Roman Sorin

Cherry-picking done easy

Have you ever needed to cherry-pick several commits between two branches, but ran into conflicts every time? I made this mistake myself – but cherry-picking doesn’t have to be hard.

As you work on more features and fix more issues, some might not be released immediately. When moving code between environments, you may need to move specific changes over, even if they live alongside other things that you’ve written. This is where cherry-picking comes into play, and if you’ve ever worked in any type of git-flow, you’ve probably come across it.

Strategies to the rescue

Merge strategies allow you to define how to apply commits from one branch to another. By default, the cherry-pick strategy is recursive.

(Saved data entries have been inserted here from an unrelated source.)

lemma inj_on_reindex:
  assumes "bij_betw \<sigma> K C"
  shows "inj_on (reindex K \<sigma>) (extensional C)"
proof
  fix x y assume x: "x \<in> extensional C" and y: "y \<in> extensional C"
    and eq: "reindex K \<sigma> x = reindex K \<sigma> y"
  show "x = y"
  proof
    fix i show "x i = y i"
    proof (cases "i \<in> C")
      case True
      then obtain j where "j \<in> K" "\<sigma> j = i" using assms by (auto simp: bij_betw_def)
      then show ?thesis using fun_cong[OF eq, of j] by (simp add: reindex_def)
    next
      case False then show ?thesis using x y by (simp add: extensional_def)
    qed
  qed
qed

lemma measurable_reindex:
  assumes "\<sigma> \<in> K \<rightarrow> C"
  shows "reindex K \<sigma> \<in> measurable (lborel_PiM C) (lborel_PiM K)"
  unfolding reindex_def using assms
  by (intro measurable_restrict measurable_component_singleton) auto

lemma reindex_vimage_PiE:
  assumes bij: "bij_betw \<sigma> K C"
  shows "reindex K \<sigma> -` PiE K A \<inter> extensional C = PiE C (\<lambda>i. A (the_inv_into K \<sigma> i))"
proof (intro equalityI subsetI)
  fix x assume "x \<in> reindex K \<sigma> -` PiE K A \<inter> extensional C"
  then have "\<forall>j\<in>K. x (\<sigma> j) \<in> A j" "x \<in> extensional C"
    by (auto simp: reindex_def PiE_def Pi_def)
  moreover have "\<sigma> (the_inv_into K \<sigma> i) = i" "the_inv_into K \<sigma> i \<in> K" if "i \<in> C" for i
    using bij that by (auto simp: bij_betw_def f_the_inv_into_f the_inv_into_into)
  ultimately show "x \<in> PiE C (\<lambda>i. A (the_inv_into K \<sigma> i))" by (auto simp: PiE_def) metis
next
  fix x assume "x \<in> PiE C (\<lambda>i. A (the_inv_into K \<sigma> i))"
  moreover have "the_inv_into K \<sigma> (\<sigma> j) = j" "\<sigma> j \<in> C" if "j \<in> K" for j
    using bij that by (auto simp: bij_betw_def the_inv_into_f_f)
  ultimately show "x \<in> reindex K \<sigma> -` PiE K A \<inter> extensional C"
    by (auto simp: reindex_def PiE_def Pi_def) metis
qed

lemma distr_reindex:
  fixes \<sigma> :: "'j \<Rightarrow> 'i"
  assumes bij: "bij_betw \<sigma> K C" and "finite K"
  shows "distr (lborel_PiM C) (lborel_PiM K) (reindex K \<sigma>) = lborel_PiM K"
proof -
  interpret product_sigma_finite "\<lambda>_::'j. lborel :: real measure" by standard
  interpret C: product_sigma_finite "\<lambda>_::'i. lborel :: real measure" by standard
  let ?\<tau> = "the_inv_into K \<sigma>"
  have \<tau>: "bij_betw ?\<tau> C K" by (rule bij_betw_the_inv_into[OF bij])
  have "finite C" using bij \<open>finite K\<close> bij_betw_finite by blast
  show ?thesis
  proof (rule PiM_eqI[OF \<open>finite K\<close>])
    fix A :: "'j \<Rightarrow> real set" assume A: "\<And>j. j \<in> K \<Longrightarrow> A j \<in> sets lborel"
    have "emeasure (distr (lborel_PiM C) (lborel_PiM K) (reindex K \<sigma>)) (PiE K A) =
        emeasure (lborel_PiM C) (reindex K \<sigma> -` PiE K A \<inter> space (lborel_PiM C))"
      using A bij_betw_imp_funcset[OF bij]
      by (intro emeasure_distr measurable_reindex sets_PiM_I_finite \<open>finite K\<close>) auto
    also have "\<dots> = emeasure (lborel_PiM C) (PiE C (\<lambda>i. A (?\<tau> i)))"
      unfolding space_lborel_PiM reindex_vimage_PiE[OF bij] ..
    also have "\<dots> = (\<Prod>i\<in>C. emeasure lborel (A (?\<tau> i)))"
      using A \<tau> \<open>finite C\<close> by (intro C.emeasure_PiM) (auto simp: bij_betw_def)
    also have "\<dots> = (\<Prod>j\<in>K. emeasure lborel (A j))"
      by (rule prod.reindex_bij_betw[OF \<tau>])
    finally show "emeasure (distr (lborel_PiM C) (lborel_PiM K) (reindex K \<sigma>)) (PiE K A) =
        (\<Prod>j\<in>K. emeasure lborel (A j))" .
  qed simp
qed

lemma measure_reindex_image:
  assumes bij: "bij_betw \<sigma> K C" and "finite K"
    and "reindex K \<sigma> ` A \<in> sets (lborel_PiM K)" "A \<subseteq> extensional C"
  shows "measure (lborel_PiM K) (reindex K \<sigma> ` A) = measure (lborel_PiM C) A"
proof -
  have \<sigma>: "\<sigma> \<in> K \<rightarrow> C" using bij by (auto simp: bij_betw_def)
  have "reindex K \<sigma> -` (reindex K \<sigma> ` A) \<inter> space (lborel_PiM C) = A"
    using inj_on_image_mem_iff[OF inj_on_reindex[OF bij]] assms(4)
    by (auto simp: space_lborel_PiM)
  then show ?thesis
    using measure_distr[OF measurable_reindex[OF \<sigma>] assms(3)] distr_reindex[OF assms(1,2)] by simp
qed

lemma reindex_convex_combs:
  assumes "finite W" "\<sigma> \<in> K \<rightarrow> C"
  shows "reindex K \<sigma> ` convex_combs C W = convex_combs K (reindex K \<sigma> ` W)"
proof -
  have reindex_comb: "reindex K \<sigma> (\<lambda>i\<in>C. \<Sum>w\<in>W. c w * w i) =
      (\<lambda>j\<in>K. \<Sum>w\<in>W. c w * reindex K \<sigma> w j)" for c
    using assms(2) by (auto simp: reindex_def fun_eq_iff)
  show ?thesis
  proof (intro equalityI subsetI)
    fix y assume "y \<in> reindex K \<sigma> ` convex_combs C W"
    then obtain c where "\<forall>w. 0 \<le> c w" "(\<Sum>w\<in>W. c w) = 1" "y = reindex K \<sigma> (\<lambda>i\<in>C. \<Sum>w\<in>W. c w * w i)"
      unfolding convex_combs_def by blast
    then show "y \<in> convex_combs K (reindex K \<sigma> ` W)"
      unfolding convex_combs_image[OF assms(1), symmetric] reindex_comb by blast
  next
    fix y assume "y \<in> convex_combs K (reindex K \<sigma> ` W)"
    then obtain c where c: "\<forall>w. 0 \<le> c w" "(\<Sum>w\<in>W. c w) = 1"
      and "y = (\<lambda>j\<in>K. \<Sum>w\<in>W. c w * reindex K \<sigma> w j)"
      unfolding convex_combs_image[OF assms(1), symmetric] by blast
    then have "y = reindex K \<sigma> (\<lambda>i\<in>C. \<Sum>w\<in>W. c w * w i)" by (simp add: reindex_comb)
    moreover have "(\<lambda>i\<in>C. \<Sum>w\<in>W. c w * w i) \<in> convex_combs C W"
      unfolding convex_combs_def using c by blast
    ultimately show "y \<in> reindex K \<sigma> ` convex_combs C W" by blast
  qed
qed

lemma closed_convex_combs_nat:
  fixes J :: "nat set"
  assumes "finite V"
  shows "closed (convex_combs J V)"
proof -
  obtain ws where ws: "set ws = V" using finite_list[OF assms] by blast
  define m where "m = length ws"
  define D where "D = {d :: nat \<Rightarrow> real. (\<forall>j. d j \<in> {0..1}) \<and> (\<forall>j\<ge>m. d j = 0) \<and> (\<Sum>j<m. d j) = 1}"
  define L where "L d = (\<lambda>j\<in>J. \<Sum>a<m. d a * (ws ! a) j)" for d :: "nat \<Rightarrow> real"
  have "V = (\<lambda>a. ws ! a) ` {..<m}" using ws unfolding m_def by (auto simp: in_set_conv_nth)
  then have conv_eq: "convex_combs J V = {x. \<exists>c. (\<forall>a. 0 \<le> c a) \<and> (\<Sum>a<m. c a) = 1 \<and> x = L c}"
    unfolding L_def by (simp add: convex_combs_image)
  have "convex_combs J V = L ` D"
  proof (intro equalityI subsetI)
    fix x assume "x \<in> convex_combs J V"
    then obtain c where c: "\<forall>a. 0 \<le> c a" "(\<Sum>a<m. c a) = 1" "x = L c" unfolding conv_eq by blast
    define d where "d a = (if a < m then c a else 0)" for a
    have "c a \<le> 1" if "a < m" for a
      using member_le_sum[of a "{..<m}" c] c(1,2) that by auto
    then have "d \<in> D" unfolding D_def d_def using c(1,2) by auto
    moreover have "L d = L c" unfolding L_def d_def by simp
    ultimately show "x \<in> L ` D" using c(3) by (metis image_eqI)
  next
    fix x assume "x \<in> L ` D"
    then show "x \<in> convex_combs J V" unfolding conv_eq D_def by auto
  qed
  moreover have "compact D" unfolding D_def by (rule compact_nat_simplex)
  moreover have "continuous_on D L"
  proof -
    have "continuous_on D (\<lambda>d. d a)" for a
      by (rule continuous_on_subset[OF continuous_on_product_coordinates]) simp
    then have "continuous_on D (\<lambda>d. L d j)" for j
      unfolding L_def by (cases "j \<in> J") (simp_all add: continuous_on_sum continuous_on_mult_right)
    then show ?thesis by (rule continuous_on_coordinatewise_then_product)
  qed
  ultimately show ?thesis by (metis compact_continuous_image compact_imp_closed)
qed

lemma measurable_reindex_countable:
  fixes b :: "'j::countable \<Rightarrow> 'i"
  assumes "b \<in> K \<rightarrow> I"
  shows "reindex K b \<in> borel_measurable (lborel_PiM I)"
proof (rule measurable_coordinatewise_then_product)
  fix j
  show "(\<lambda>x. reindex K b x j) \<in> borel_measurable (lborel_PiM I)"
  proof (cases "j \<in> K")
    case True
    then have "(\<lambda>x. x (b j)) \<in> measurable (lborel_PiM I) lborel"
      using assms by (intro measurable_component_singleton) auto
    then show ?thesis using True by (simp add: reindex_def)
  qed (simp add: reindex_def)
qed

text \<open>The index set may be uncountable, so it is relabelled by natural numbers, where closed
  sets of vectors are Borel sets.\<close>

lemma convex_combs_in_sets:
  assumes "finite I" "finite W"
  shows "convex_combs I W \<in> sets (lborel_PiM I)"
proof -
  obtain b where b: "bij_betw b {..<card I} I"
    using ex_bij_betw_nat_finite[OF assms(1)] unfolding lessThan_atLeast0 by blast
  let ?R = "reindex {..<card I} b"
  have ext: "convex_combs I W \<subseteq> extensional I" by (rule convex_combs_subset_extensional)
  have "convex_combs I W = ?R -` (?R ` convex_combs I W) \<inter> space (lborel_PiM I)"
    unfolding space_lborel_PiM using inj_on_image_mem_iff[OF inj_on_reindex[OF b] _ ext] ext by auto
  also have "\<dots> = ?R -` convex_combs {..<card I} (?R ` W) \<inter> space (lborel_PiM I)"
    by (simp only: reindex_convex_combs[OF assms(2) bij_betw_imp_funcset[OF b]])
  also have "\<dots> \<in> sets (lborel_PiM I)"
    using assms(2) by (intro measurable_sets[OF measurable_reindex_countable] borel_closed
        closed_convex_combs_nat finite_imageI bij_betw_imp_funcset[OF b])
  finally show ?thesis .
qed

section \<open>The cut polytope of a cycle\<close>

lemma finite_binary_vectors:
  assumes "finite X"
  shows "finite (binary_vectors X)"
proof (rule finite_subset)
  show "binary_vectors X \<subseteq> PiE X (\<lambda>_. {0, 1})" by (auto simp: binary_vectors_def PiE_def Pi_def)
  show "finite (PiE X (\<lambda>_. {0, 1 :: real}))" using assms by (intro finite_PiE) auto
qed

lemma finite_even_vectors: "finite X \<Longrightarrow> finite (even_vectors X)"
  by (rule finite_subset[OF _ finite_binary_vectors]) (auto simp: even_vectors_def)

lemma reindex_even_vectors_subset:
  assumes "bij_betw \<sigma> K C"
  shows "reindex K \<sigma> ` even_vectors C \<subseteq> even_vectors K"
proof
  fix y assume "y \<in> reindex K \<sigma> ` even_vectors C"
  then obtain w where w: "w \<in> even_vectors C" "y = reindex K \<sigma> w" by blast
  have "{e \<in> C. w e = 1} = \<sigma> ` {j \<in> K. y j = 1}"
    using assms w(2) by (auto simp: bij_betw_def reindex_def)
  moreover have "inj_on \<sigma> {j \<in> K. y j = 1}"
    using assms by (auto simp: bij_betw_def intro: inj_on_subset)
  ultimately have "card {j \<in> K. y j = 1} = card {e \<in> C. w e = 1}" by (simp add: card_image)
  then show "y \<in> even_vectors K"
    using w assms by (auto simp: even_vectors_def binary_vectors_def reindex_def bij_betw_def)
qed

lemma reindex_even_vectors:
  assumes "bij_betw \<sigma> K C"
  shows "reindex K \<sigma> ` even_vectors C = even_vectors K"
proof
  show "even_vectors K \<subseteq> reindex K \<sigma> ` even_vectors C"
  proof
    fix y assume y: "y \<in> even_vectors K"
    then have "y = reindex K \<sigma> (reindex C (the_inv_into K \<sigma>) y)"
      using reindex_reindex_inv[OF assms, of y] by (simp add: even_vectors_def binary_vectors_def)
    moreover have "reindex C (the_inv_into K \<sigma>) y \<in> even_vectors C"
      using reindex_even_vectors_subset[OF bij_betw_the_inv_into[OF assms]] y by blast
    ultimately show "y \<in> reindex K \<sigma> ` even_vectors C" by blast
  qed
qed (rule reindex_even_vectors_subset[OF assms])

lemma cyclic_labelling_exists:
  fixes a :: "nat \<Rightarrow> bool"
  assumes "1 \<le> k" "even (card {i. i < k \<and> a i})"
  obtains S where "S \<subseteq> {1..k-1}"
    "\<And>i. i < k \<Longrightarrow> (i + 1 \<in> S) \<noteq> ((i + 1) mod k + 1 \<in> S) \<longleftrightarrow> a i"
proof
  txt \<open>Vertex \<open>j + 1\<close> is labelled by the parity of the number of marked edges after it.\<close>
  define N where "N j = card {i. j \<le> i \<and> i < k - 1 \<and> a i}" for j
  define S where "S = Suc ` {j. j < k \<and> odd (N j)}"
  have N_step: "N j = N (Suc j) + (if a j then 1 else 0)" if "j < k - 1" for j
  proof -
    have "{i. j \<le> i \<and> i < k - 1 \<and> a i} =
        (if a j then insert j else id) {i. Suc j \<le> i \<and> i < k - 1 \<and> a i}"
      using that by (auto simp: Suc_le_eq le_less)
    then show ?thesis unfolding N_def by (simp add: card_insert_if)
  qed
  have N_last: "N (k - 1) = 0" unfolding N_def by simp
  have "{i. i < k \<and> a i} = (if a (k - 1) then insert (k - 1) else id) {i. 0 \<le> i \<and> i < k - 1 \<and> a i}"
    using assms(1) by (cases k) (auto simp: less_Suc_eq)
  then have "card {i. i < k \<and> a i} = N 0 + (if a (k - 1) then 1 else 0)"
    unfolding N_def by (simp add: card_insert_if)
  then have N_first: "odd (N 0) \<longleftrightarrow> a (k - 1)" using assms(2) by auto
  have S_iff: "j + 1 \<in> S \<longleftrightarrow> j < k \<and> odd (N j)" for j unfolding S_def by auto
  show "S \<subseteq> {1..k-1}"
  proof
    fix v assume "v \<in> S"
    then obtain j where j: "v = Suc j" "j < k" "odd (N j)" unfolding S_def by blast
    then have "j \<noteq> k - 1" using N_last by auto
    then show "v \<in> {1..k-1}" using j by auto
  qed
  fix i assume i: "i < k"
  show "(i + 1 \<in> S) \<noteq> ((i + 1) mod k + 1 \<in> S) \<longleftrightarrow> a i"
  proof (cases "i + 1 < k")
    case True
    then show ?thesis using S_iff[of i] S_iff[of "i + 1"] N_step[of i] by auto
  next
    case False
    then have "i = k - 1" using i by simp
    then show ?thesis using S_iff[of i] S_iff[of 0] N_last N_first assms(1) by auto
  qed
qed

Depending on what base branch you’re working off of, you’ll want to use the correct merge strategy for specifying what changes to use: this is where -X=theirs and -X=ours do us favors.

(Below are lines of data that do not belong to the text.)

text \<open>Since Delta has zero diagonal, T Delta T^T = 0 for T = w e_c^T, so unit noise suffices.\<close>
lemma real_gaussian_channel_column:
  assumes w: "w \<in> carrier_vec (2*n)" "\<forall>i<2*n. even i \<longrightarrow> w $ i = 0" and c: "c < 2*n" "odd c"
  shows "real_gaussian_channel n (column_mat (2*n) w c) (1\<^sub>m (2*n)) (0\<^sub>v (2*n))"
proof -
  have "psd_complex (2*n) (cmat (1\<^sub>m (2*n)) + \<i> \<cdot>\<^sub>m cmat (Delta n)
      - \<i> \<cdot>\<^sub>m cmat (column_mat (2*n) w c * Delta n * transpose_mat (column_mat (2*n) w c)))"
    unfolding psd_complex_congruence_iff[OF one_carrier_mat column_mat_carrier]
    using qform_one_Delta_nonneg
    by (simp add: qform_Delta_single_support[OF transpose_apply_column_mat])
  moreover have "psd_real (2*n) (1\<^sub>m (2*n))"
    by (auto simp: psd_real_iff_qform qform_one less_eq_complex_def intro!: sum_nonneg)
  moreover have "parity_preserving (column_mat (2*n) w c)"
    using w c by (auto simp: parity_preserving_def column_mat_def)
  ultimately show ?thesis
    using w by (simp add: real_gaussian_channel_iff gaussian_channel_def even_supported_def parity_preserving_one)
qed

lemma mult_column_mat:
  assumes "A \<in> carrier_mat m m" "w \<in> carrier_vec m"
  shows "A * column_mat m w c = column_mat m (A *\<^sub>v w) c"
proof (rule eq_matI)
  fix i j assume ij: "i < dim_row (column_mat m (A *\<^sub>v w) c)" "j < dim_col (column_mat m (A *\<^sub>v w) c)"
  have "(A * column_mat m w c) $$ (i,j) = (\<Sum>r<m. A $$ (i,r) * column_mat m w c $$ (r,j))"
    by (rule index_mult_mat_sum[OF assms(1) column_mat_carrier]) (use ij in auto)
  also have "\<dots> = column_mat m (A *\<^sub>v w) c $$ (i,j)"
    using assms ij
    by (cases "j = c") (auto simp: column_mat_def scalar_prod_def atLeast0LessThan intro!: sum.cong)
  finally show "(A * column_mat m w c) $$ (i,j) = column_mat m (A *\<^sub>v w) c $$ (i,j)" .
qed (use assms in auto)

lemma super_T_column_mat_index:
  assumes A: "A \<in> carrier_mat (2*n) (2*n)" and O: "Om \<in> carrier_mat (2*n) (2*n)"
    and w: "w \<in> carrier_vec (2*n)" and ijc: "i < 2*n" "j < 2*n" "c < 2*n"
  shows "super_T n A Om (column_mat (2*n) w c) $$ (i,j) = (-1)^c * ((A *\<^sub>v w) $ i * Om $$ (j,c)) * (-1)^j"
proof -
  let ?X = "column_mat (2*n) (A *\<^sub>v w) c * Sigma n"
  have X: "?X \<in> carrier_mat (2*n) (2*n)"
    by (rule mult_carrier_mat[OF column_mat_carrier Sigma_carrier])
  have "(?X * transpose_mat Om) $$ (i,j) = (\<Sum>s<2*n. ?X $$ (i,s) * transpose_mat Om $$ (s,j))"
    by (rule index_mult_mat_sum[OF X]) (use O ijc in auto)
  also have "\<dots> = (\<Sum>s<2*n. if s = c then (-1)^c * ((A *\<^sub>v w) $ i * Om $$ (j,c)) else 0)"
  proof (rule sum.cong[OF refl])
    fix s assume "s \<in> {..<2*n}"
    then show "?X $$ (i,s) * transpose_mat Om $$ (s,j) =
        (if s = c then (-1)^c * ((A *\<^sub>v w) $ i * Om $$ (j,c)) else 0)"
      using ijc O by (subst mult_Sigma_right[OF column_mat_carrier]) (auto simp: column_mat_def)
  qed
  finally have XO: "(?X * transpose_mat Om) $$ (i,j) = (-1)^c * ((A *\<^sub>v w) $ i * Om $$ (j,c))"
    using ijc by simp
  have XOc: "?X * transpose_mat Om \<in> carrier_mat (2*n) (2*n)"
    using X O by simp
  show ?thesis
    unfolding super_T_def mult_column_mat[OF A w] mult_Sigma_right[OF XOc ijc(1,2)] XO by (rule refl)
qed

lemma real_superchannel_column_test:
  assumes R: "real_gaussian_superchannel n A Om Y db"
    and w: "w \<in> carrier_vec (2*n)" "\<forall>i<2*n. even i \<longrightarrow> w $ i = 0" and c: "c < 2*n" "odd c"
  shows "(\<forall>i<2*n. \<forall>j<2*n. odd i \<longrightarrow> (A *\<^sub>v w) $ i * Om $$ (j,c) = 0) \<or>
         (\<forall>i<2*n. \<forall>j<2*n. odd i \<noteq> odd j \<longrightarrow> (A *\<^sub>v w) $ i * Om $$ (j,c) = 0)"
proof -
  let ?T = "super_T n A Om (column_mat (2*n) w c)"
  from R have A: "A \<in> carrier_mat (2*n) (2*n)" and O: "Om \<in> carrier_mat (2*n) (2*n)"
    unfolding real_gaussian_superchannel_def gaussian_superchannel_def by auto
  have "real_gaussian_channel n ?T (super_N A Y (1\<^sub>m (2*n))) (super_d A db (0\<^sub>v (2*n)))"
    using R real_gaussian_channel_column[OF w c] unfolding real_gaussian_superchannel_def by blast
  then have "odd_rows_zero ?T \<or> parity_preserving ?T"
    by (simp add: real_gaussian_channel_iff)
  moreover have "?T $$ (i,j) = 0 \<longleftrightarrow> (A *\<^sub>v w) $ i * Om $$ (j,c) = 0" if "i < 2*n" "j < 2*n" for i j
    using super_T_column_mat_index[OF A O w(1) that c(1)] by simp
  moreover have "?T \<in> carrier_mat (2*n) (2*n)"
    using A O by (simp add: super_T_carrier)
  ultimately show ?thesis
    unfolding odd_rows_zero_def parity_preserving_def by auto
qed

section \<open>Orthogonal matrices and necessity\<close>

lemma orthogonal_row_norm:
  fixes Q :: "real mat"
  assumes Q: "Q \<in> carrier_mat m m" and orth: "Q * transpose_mat Q = 1\<^sub>m m" and i: "i < m"
  shows "(\<Sum>j<m. (Q $$ (i,j))\<^sup>2) = 1"
proof -
  have "(Q * transpose_mat Q) $$ (i,i) = (\<Sum>j<m. Q $$ (i,j) * transpose_mat Q $$ (j,i))"
    by (rule index_mult_mat_sum[OF Q]) (use Q i in auto)
  also have "\<dots> = (\<Sum>j<m. (Q $$ (i,j))\<^sup>2)"
    using Q i by (intro sum.cong refl) (simp add: power2_eq_square)
  finally show ?thesis
    using orth i by simp
qed

lemma orthogonal_col_norm:
  fixes Q :: "real mat"
  assumes Q: "Q \<in> carrier_mat m m" and orth: "Q * transpose_mat Q = 1\<^sub>m m" and j: "j < m"
  shows "(\<Sum>i<m. (Q $$ (i,j))\<^sup>2) = 1"
proof -
  have QT: "transpose_mat Q \<in> carrier_mat m m"
    using Q by simp
  have "(transpose_mat Q * Q) $$ (j,j) = (\<Sum>i<m. transpose_mat Q $$ (j,i) * Q $$ (i,j))"
    by (rule index_mult_mat_sum[OF QT Q j j])
  also have "\<dots> = (\<Sum>i<m. (Q $$ (i,j))\<^sup>2)"
    using Q j by (intro sum.cong refl) (simp add: power2_eq_square)
  finally show ?thesis
    using mat_mult_left_right_inverse[OF Q QT orth] j by simp
qed

lemma orthogonal_col_nonzero:
  fixes Q :: "real mat"
  assumes "Q \<in> carrier_mat m m" "Q * transpose_mat Q = 1\<^sub>m m" "j < m"
  shows "\<exists>i<m. Q $$ (i,j) \<noteq> 0"
proof (rule ccontr)
  assume "\<not> ?thesis"
  then have "(\<Sum>i<m. (Q $$ (i,j))\<^sup>2) = 0"
    by (auto intro!: sum.neutral)
  then show False
    using orthogonal_col_norm[OF assms] by simp
qed

text \<open>Counting squared entries by rows and by columns of the block indexed by P.\<close>
lemma orthogonal_block_triangular:
  fixes Q :: "real mat"
  assumes Q: "Q \<in> carrier_mat m m" and orth: "Q * transpose_mat Q = 1\<^sub>m m"
    and zero: "\<And>i j. i < m \<Longrightarrow> j < m \<Longrightarrow> P i \<Longrightarrow> \<not> P j \<Longrightarrow> Q $$ (i,j) = 0"
    and ij: "i < m" "j < m" "\<not> P i" "P j"
  shows "Q $$ (i,j) = 0"
proof -
  define I where "I = {..<m} \<inter> Collect P"
  define J where "J = {..<m} - Collect P"
  let ?f = "\<lambda>i j. (Q $$ (i,j))\<^sup>2"
  have split: "(\<Sum>k<m. g k) = (\<Sum>k\<in>I. g k) + (\<Sum>k\<in>J. g k)" for g :: "nat \<Rightarrow> real"
    unfolding I_def J_def by (rule sum.Int_Diff) simp
  have "(\<Sum>j\<in>I. ?f i j) = (\<Sum>j<m. ?f i j)" if "i \<in> I" for i
  proof -
    have "(\<Sum>j\<in>J. ?f i j) = 0"
      using that zero by (auto simp: I_def J_def intro!: sum.neutral)
    then show ?thesis
      by (simp add: split[of "?f i"])
  qed
  then have "(\<Sum>i\<in>I. \<Sum>j\<in>I. ?f i j) = (\<Sum>i\<in>I. \<Sum>j<m. ?f i j)"
    by (rule sum.cong[OF refl])
  also have "\<dots> = card I"
    using orthogonal_row_norm[OF Q orth] by (simp add: I_def)
  finally have rows: "(\<Sum>j\<in>I. \<Sum>i\<in>I. ?f i j) = card I"
    by (subst sum.swap)
  have "(\<Sum>j\<in>I. \<Sum>i\<in>I. ?f i j) + (\<Sum>j\<in>I. \<Sum>i\<in>J. ?f i j) = (\<Sum>j\<in>I. \<Sum>i<m. ?f i j)"
    by (simp add: split[of "\<lambda>i. ?f i _"] sum.distrib)
  also have "\<dots> = card I"
    using orthogonal_col_norm[OF Q orth] by (simp add: I_def)
  finally have "(\<Sum>j\<in>I. \<Sum>i\<in>J. ?f i j) = 0"
    using rows by simp
  then have "?f i j = 0"
    using ij by (simp add: I_def J_def sum_nonneg_eq_0_iff sum_nonneg)
  then show ?thesis
    by simp
qed

text \<open>Here v stands for A w, and the hypothesis says that the test channel w e_c^T is sent to a real
  channel for every odd c.\<close>
lemma column_tests_force_parity:
  fixes v :: "nat \<Rightarrow> real"
  assumes O: "Om \<in> carrier_mat (2*n) (2*n)" and orth: "Om * transpose_mat Om = 1\<^sub>m (2*n)"
    and i0: "i0 < 2*n" "odd i0" "v i0 \<noteq> 0"
    and tests: "\<And>c. c < 2*n \<Longrightarrow> odd c \<Longrightarrow>
      (\<forall>i<2*n. \<forall>j<2*n. odd i \<longrightarrow> v i * Om $$ (j,c) = 0) \<or>
      (\<forall>i<2*n. \<forall>j<2*n. odd i \<noteq> odd j \<longrightarrow> v i * Om $$ (j,c) = 0)"
  shows "(\<forall>i<2*n. \<forall>j<2*n. even i \<and> odd j \<longrightarrow> Om $$ (i,j) = 0) \<and> (\<forall>i<2*n. even i \<longrightarrow> v i = 0)"
proof -
  have block: "\<forall>i<2*n. \<forall>j<2*n. odd i \<noteq> odd j \<longrightarrow> v i * Om $$ (j,c) = 0" if c: "c < 2*n" "odd c" for c
  proof -
    obtain j where j: "j < 2*n" "Om $$ (j,c) \<noteq> 0"
      using orthogonal_col_nonzero[OF O orth c(1)] by blast
    then have "v i0 * Om $$ (j,c) \<noteq> 0"
      using i0 by simp
    then have "\<not> (\<forall>i<2*n. \<forall>j<2*n. odd i \<longrightarrow> v i * Om $$ (j,c) = 0)"
      using i0 j by blast
    then show ?thesis
      using tests[OF c] by blast
  qed
  have O_block: "\<forall>i<2*n. \<forall>j<2*n. even i \<and> odd j \<longrightarrow> Om $$ (i,j) = 0"
  proof (intro allI impI)
    fix i j assume "i < 2*n" "j < 2*n" "even i \<and> odd j"
    then have "v i0 * Om $$ (i,j) = 0"
      using block[of j] i0 by auto
    then show "Om $$ (i,j) = 0"
      using i0 by simp
  qed
  have "1 < 2*n"
    using i0 by (cases n) auto
  then obtain j where j: "j < 2*n" "Om $$ (j,1) \<noteq> 0"
    using orthogonal_col_nonzero[OF O orth] by blast
  have "odd j"
  proof (rule ccontr)
    assume "\<not> odd j"
    then have "Om $$ (j,1) = 0"
      using O_block j(1) \<open>1 < 2*n\<close> by simp
    with j(2) show False by simp
  qed
  have "\<forall>i<2*n. even i \<longrightarrow> v i = 0"
  proof (intro allI impI)
    fix i assume "i < 2*n" "even i"
    then have "v i * Om $$ (j,1) = 0"
      using block[of 1] \<open>1 < 2*n\<close> j \<open>odd j\<close> by auto
    then show "v i = 0"
      using j by simp
  qed
  with O_block show ?thesis
    by blast
qed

Performing the cherry-pick

The cherry-pick command is simple:

git cherry-pick --strategy=recursive -X=theirs hash0 hash1 hash2

You’re able to specify the strategy, the per-strategy option (theirs/ours), and the sequence of hashes (commits) to merge.

What is the difference between theirs and ours?

This option will specify which version of code to prefer in a merge. If you’re on the main branch and moving commits from develop, you’ll want to use theirs, as you are saying “let’s take develop’s (their) changes”.

What you’ll need:

  • A base and target branch (develop/main)
  • The commit hashes to cherry-pick (e.g. 7f7a499)
  • Choosing the right strategy based on what you want to achieve (ours/theirs)

For example, to merge a sequence of commits from a development branch into main:

  1. Check out the main branch with git checkout main.
  2. Using the cherry-pick command from above, we will merge several develop commits to our main branch, moving the develop changes onto main. You can specify the hashes individually, or you can cherry-pick a sequence of hashes by writing hash0...hash1.
  3. If conflicts come up, you’ll be able to resolve them on a per-commit basis and commit the result to continue with your cherry-picking.

Although simple, learning this has turned large merge requests that affected over 40 files (including deletions, renames, and refactors) into a pain-free experience instead of a major ordeal. Something that would’ve taken me several hours with the potential of missing code only took an hour, and shortly thereafter, I was able to move on to working on my next task.

This isn’t all that cherry-pick has to offer, and there are flags for you to provide based on your use case. If you need something beyond this or if you want to read a little bit about how cherry-picks are done, the Git docs do a great job of explaining this concept.